lemma BD_D_eqI:
  assumes "z \<in> BD" "z' \<in> BD" and eq: "\<And>v. v \<in> BG \<Longrightarrow> graph_inner D z (G v) = graph_inner D z' (G v)"
  shows "z = z'"
proof -
  have zz: "z - z' \<in> BD" using csubspace_diff[OF csubspace_BD_D assms(1,2)] .
  then have "graph_inner D (z - z') (G (D (z - z'))) = 0"
    using eq[of "D (z - z')"] D_BD_D[OF zz] assms(1,2) BD_D_subset
    by (simp add: graph_inner_diff_left[OF lin_op_D] subset_iff)
  then show ?thesis using D_BD_D[OF zz] graph_inner_self_eq_zero by fastforce
qed

lemma green_BD_G:
  assumes w: "w \<in> domD" and v: "v \<in> BG"
  shows "cinner w (G v) + cinner (D w) v = graph_inner D (orth_proj D BD w) (G v)"
proof -
  define w' where "w' = orth_proj D BD w"
  have w': "w' \<in> BD" "w - w' \<in> domD0" using orth_proj_BD_D[OF w] by (simp_all add: w'_def)
  have "graph_inner D (w - w') (G v) = 0"
    using w'(2) G_BD_G[OF v] graph_inner_commute[of D "w - w'" "G v"] by (simp add: BD_D_def)
  moreover have "cinner w (G v) + cinner (D w) v = graph_inner D w (G v)"
    using G_BD_G[OF v] by (simp add: graph_inner_def)
  ultimately show ?thesis
    using graph_inner_diff_left[OF lin_op_D w, of w' "G v"] w'(1) BD_D_subset by (auto simp: w'_def)
qed

lemma kappa_adj_is_adjoint:
  fixes \<kappa> :: "'h0 \<Rightarrow> 'h::complex_inner"
  assumes \<kappa>_lin: "clinear_on BG \<kappa>" and \<kappa>_bdd: "\<forall>u \<in> BG. norm (\<kappa> u) \<le> K * graph_norm G u"
  shows "kappa_adj domG G domD D \<kappa> \<psi> \<in> BG
    \<and> (\<forall>u\<in>BG. cinner (\<kappa> u) \<psi> = graph_inner G u (kappa_adj domG G domD D \<kappa> \<psi>))"
proof -
  define \<Gamma> where "\<Gamma> = {(x, G x) | x. x \<in> BG}"
  have sub\<Gamma>: "csubspace \<Gamma>"
    unfolding \<Gamma>_def using lin_op_G csubspace_BD_G BD_G_subset by (rule csubspace_graph)
  have "\<Gamma> = {(x, G x) | x. x \<in> domG} \<inter> (\<Inter>e\<in>domG0. {P. cinner P (e, G e) = 0})"
    by (auto simp: \<Gamma>_def BD_G_def graph_inner_pair)
  then have cl\<Gamma>: "closed \<Gamma>" using G_closed
    by (simp add: closed_Int closed_INT closed_cinner_eq closed_op_def)
  \<comment> \<open>Riesz representation in \<open>BD(G)\<close>, viewed as the graph \<open>\<Gamma>\<close> of \<open>G\<close> restricted to it\<close>
  define \<phi> where "\<phi> P = cinner (\<kappa> (fst P)) \<psi>" for P :: "'h0 \<times> 'h1"
  have fst\<Gamma>: "fst P \<in> BG" if "P \<in> \<Gamma>" for P using that by (auto simp: \<Gamma>_def)
  obtain g where g: "g \<in> \<Gamma>" "\<forall>P\<in>\<Gamma>. \<phi> P = cinner P g"
  proof (rule riesz_representation[OF sub\<Gamma> cl\<Gamma>, of \<phi> "K * norm \<psi>", THEN bexE])
    fix P Q assume "P \<in> \<Gamma>" "Q \<in> \<Gamma>"
    then show "\<phi> (P + Q) = \<phi> P + \<phi> Q"
      using \<kappa>_lin fst\<Gamma> by (simp add: \<phi>_def clinear_on_def cinner_add_left)
  next
    fix c P assume "P \<in> \<Gamma>"
    then show "\<phi> (c *\<^sub>C P) = c * \<phi> P"
      using \<kappa>_lin fst\<Gamma> by (simp add: \<phi>_def clinear_on_def scaleC_prod_def cinner_scaleC_left)
  next
    fix P assume "P \<in> \<Gamma>"
    then obtain x where x: "P = (x, G x)" "x \<in> BG" by (auto simp: \<Gamma>_def)
    have "norm (\<phi> P) \<le> norm (\<kappa> x) * norm \<psi>" using cauchy_schwarz by (simp add: \<phi>_def x)
    also have "\<dots> \<le> (K * graph_norm G x) * norm \<psi>" using \<kappa>_bdd x(2) by (simp add: mult_right_mono)
    finally show "norm (\<phi> P) \<le> K * norm \<psi> * norm P" by (simp add: graph_norm_pair x mult_ac)
  qed (use that in blast)
  then obtain k where k: "g = (k, G k)" "k \<in> BG" by (auto simp: \<Gamma>_def)
  have kprop: "\<forall>u\<in>BG. cinner (\<kappa> u) \<psi> = graph_inner G u k"
    using g(2) k(1) by (auto simp: \<Gamma>_def \<phi>_def graph_inner_pair)
  have "k' = k" if k': "k' \<in> BG" "\<forall>u\<in>BG. cinner (\<kappa> u) \<psi> = graph_inner G u k'" for k'
  proof -
    have dB: "k' - k \<in> BG" using csubspace_diff[OF csubspace_BD_G k'(1) k(2)] .
    have "graph_inner G (k' - k) u = 0" if "u \<in> BG" for u
    proof -
      have "graph_inner G u k' = graph_inner G u k" using \<open>u \<in> BG\<close> kprop k'(2) by simp
      then have "graph_inner G k' u = graph_inner G k u"
        using graph_inner_commute[of G k' u] graph_inner_commute[of G k u] by simp
      then show ?thesis
        using graph_inner_diff_left[OF lin_op_G, of k' k u] \<open>k' \<in> BG\<close> k(2) BD_G_subset by auto
    qed
    then have "graph_inner G (k' - k) (k' - k) = 0" using dB by blast
    then show "k' = k" using graph_inner_self_eq_zero by fastforce
  qed
  then have "kappa_adj domG G domD D \<kappa> \<psi> = k"
    unfolding kappa_adj_def using k(2) kprop by (intro the_equality) blast+
  then show ?thesis using k(2) kprop by simp
qed

lemma graph_inner_G_kappa_adj:
  assumes "clinear_on BG \<kappa>" "\<forall>u \<in> BG. norm (\<kappa> u) \<le> K * graph_norm G u" and v: "v \<in> BG"
  shows "graph_inner D (G (kappa_adj domG G domD D \<kappa> f)) (G v) = cinner f (\<kappa> v)"
proof -
  define k where "k = kappa_adj domG G domD D \<kappa> f"
  have "k \<in> BG" "cinner (\<kappa> v) f = graph_inner G v k"
    using kappa_adj_is_adjoint[OF assms(1,2), of f] v by (simp_all add: k_def)
  then show ?thesis
    using graph_inner_G_BD_G[of k v] v graph_inner_commute[of G k v] cinner_commute[of f "\<kappa> v"]
    by (simp add: k_def)
qed

end

section \<open>The Dirichlet-to-Neumann operator\<close>

locale dtn_problem = boundary_pair domG G domD D
  for domG :: "'h0::chilbert set" and G :: "'h0 \<Rightarrow> 'h1::chilbert"
    and domD :: "'h1 set" and D :: "'h1 \<Rightarrow> 'h0" +
  fixes a :: "'h1 \<Rightarrow> 'h1" and m :: "'h0 \<Rightarrow> 'h0"
  assumes a_bdd: "cbounded_linear a" and a_coer: "coercive_op a"
    and m_bdd: "cbounded_linear m" and m_coer: "coercive_op m"
begin

definition pair_form :: "'h0 \<times> 'h1 \<Rightarrow> 'h0 \<times> 'h1 \<Rightarrow> complex" where
  "pair_form P Q = cinner (a (snd P)) (snd Q) + cinner (m (fst P)) (fst Q)"

definition dtn_form :: "'h0 \<Rightarrow> 'h0 \<Rightarrow> complex" where
  "dtn_form u v = cinner (a (G u)) (G v) + cinner (m u) v"

lemma dtn_form_pair_form: "dtn_form u v = pair_form (u, G u) (v, G v)"
  by (simp add: dtn_form_def pair_form_def)

lemma pair_form_add_left: "pair_form (P + P') Q = pair_form P Q + pair_form P' Q"
  using lin_op_add[OF lin_op_UNIV[OF a_bdd]] lin_op_add[OF lin_op_UNIV[OF m_bdd]]
  by (simp add: pair_form_def cinner_add_left)

lemma pair_form_scaleC_left: "pair_form (c *\<^sub>C P) Q = c * pair_form P Q"
  using lin_op_scaleC[OF lin_op_UNIV[OF a_bdd]] lin_op_scaleC[OF lin_op_UNIV[OF m_bdd]]
  by (simp add: pair_form_def scaleC_prod_def cinner_scaleC_left distrib_left)

lemma pair_form_add_right: "pair_form P (Q + Q') = pair_form P Q + pair_form P Q'"
  by (simp add: pair_form_def cinner_add_right)

lemma pair_form_scaleC_right: "pair_form P (c *\<^sub>C Q) = cnj c * pair_form P Q"
  by (simp add: pair_form_def scaleC_prod_def cinner_scaleC_right distrib_left)

lemma pair_form_coercive:
  obtains \<mu> where "\<mu> > 0" "\<And>P. \<mu> * (norm P)\<^sup>2 \<le> Re (pair_form P P)"
proof -
  obtain \<mu>a where \<mu>a: "\<mu>a > 0" "\<And>y. \<mu>a * (norm y)\<^sup>2 \<le> Re (cinner (a y) y)"
    using a_coer by (auto simp: coercive_op_def)
  obtain \<mu>m where \<mu>m: "\<mu>m > 0" "\<And>x. \<mu>m * (norm x)\<^sup>2 \<le> Re (cinner (m x) x)"
    using m_coer by (auto simp: coercive_op_def)
  have "min \<mu>a \<mu>m * (norm P)\<^sup>2 \<le> Re (pair_form P P)" for P
  proof -
    have "min \<mu>a \<mu>m * (norm P)\<^sup>2 = min \<mu>a \<mu>m * (norm (snd P))\<^sup>2 + min \<mu>a \<mu>m * (norm (fst P))\<^sup>2"
      by (simp add: norm_prod_def distrib_left)
    also have "\<dots> \<le> \<mu>a * (norm (snd P))\<^sup>2 + \<mu>m * (norm (fst P))\<^sup>2"
      by (intro add_mono mult_right_mono) auto
    also have "\<dots> \<le> Re (pair_form P P)"
      using \<mu>a(2)[of "snd P"] \<mu>m(2)[of "fst P"] by (simp add: pair_form_def)
    finally show ?thesis .
  qed
  then show ?thesis using \<mu>a(1) \<mu>m(1) by (intro that[of "min \<mu>a \<mu>m"]) auto
qed

lemma pair_form_bounded:
  obtains C where "\<And>P Q. norm (pair_form P Q) \<le> C * norm P * norm Q"
proof -
  obtain Ka where Ka: "\<And>y. norm (a y) \<le> Ka * norm y" using a_bdd by (auto simp: cbounded_linear_def)
  obtain Km where Km: "\<And>x. norm (m x) \<le> Km * norm x" using m_bdd by (auto simp: cbounded_linear_def)
  have bound: "norm (cinner (f z) z') \<le> \<bar>K\<bar> * norm P * norm Q"
    if "\<And>z. norm (f z) \<le> K * norm z" "norm z \<le> norm P" "norm z' \<le> norm Q"
    for f :: "'c::complex_inner \<Rightarrow> 'c" and K z z' and P Q :: "'h0 \<times> 'h1"
  proof -
    have "norm (cinner (f z) z') \<le> norm (f z) * norm z'" by (rule cauchy_schwarz)
    also have "\<dots> \<le> (\<bar>K\<bar> * norm z) * norm z'"
      using that(1)[of z] mult_right_mono[OF abs_ge_self[of K] norm_ge_zero[of z]]
      by (intro mult_right_mono) auto
    also have "\<dots> \<le> \<bar>K\<bar> * norm P * norm Q"
      using that(2,3) by (intro mult_mono mult_left_mono) auto
    finally show ?thesis .
  qed
  have fs: "norm (fst P) \<le> norm P" "norm (snd P) \<le> norm P" for P :: "'h0 \<times> 'h1"
    using norm_fst_le[of "fst P" "snd P"] norm_snd_le[where x = "fst P" and y = "snd P"]
    by simp_all
  have "norm (pair_form P Q) \<le> (\<bar>Ka\<bar> + \<bar>Km\<bar>) * norm P * norm Q" for P Q
    using norm_triangle_le[OF add_mono[OF bound[OF Ka fs(2) fs(2)] bound[OF Km fs(1) fs(1)]]]
    by (simp add: pair_form_def algebra_simps)
  then show ?thesis using that by blast
qed

lemma dtn_form_coercive: "coercive_form domG G dtn_form"
  using pair_form_coercive
  by (metis coercive_form_def dtn_form_pair_form graph_norm_pair)

lemma dtn_form_continuous: "continuous_form domG G dtn_form"
  using pair_form_bounded
  by (metis continuous_form_def dtn_form_pair_form graph_norm_pair)

lemma dtn_form_diff_left:
  "x \<in> domG \<Longrightarrow> y \<in> domG \<Longrightarrow> dtn_form (x - y) v = dtn_form x v - dtn_form y v"
  using pair_form_add_left[of "(x - y, G x - G y)" "(y, G y)" "(v, G v)"]
  by (simp add: dtn_form_pair_form lin_op_diff[OF lin_op_G])

lemma dtn_form_add_right:
  "x \<in> domG \<Longrightarrow> y \<in> domG \<Longrightarrow> dtn_form u (x + y) = dtn_form u x + dtn_form u y"
  using pair_form_add_right[of "(u, G u)" "(x, G x)" "(y, G y)"]
  by (simp add: dtn_form_pair_form lin_op_add[OF lin_op_G])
----------------------------------------
- _What to produce_: Copy out every line of the material above that mentions the word "Longrightarrow".

- _Response box_:
  assumes "z \<in> BD" "z' \<in> BD" and eq: "\<And>v. v \<in> BG \<Longrightarrow> graph_inner D z (G v) = graph_inner D z' (G v)"
  "x \<in> domG \<Longrightarrow> y \<in> domG \<Longrightarrow> dtn_form (x - y) v = dtn_form x v - dtn_form y v"
  "x \<in> domG \<Longrightarrow> y \<in> domG \<Longrightarrow> dtn_form u (x + y) = dtn_form u x + dtn_form u y"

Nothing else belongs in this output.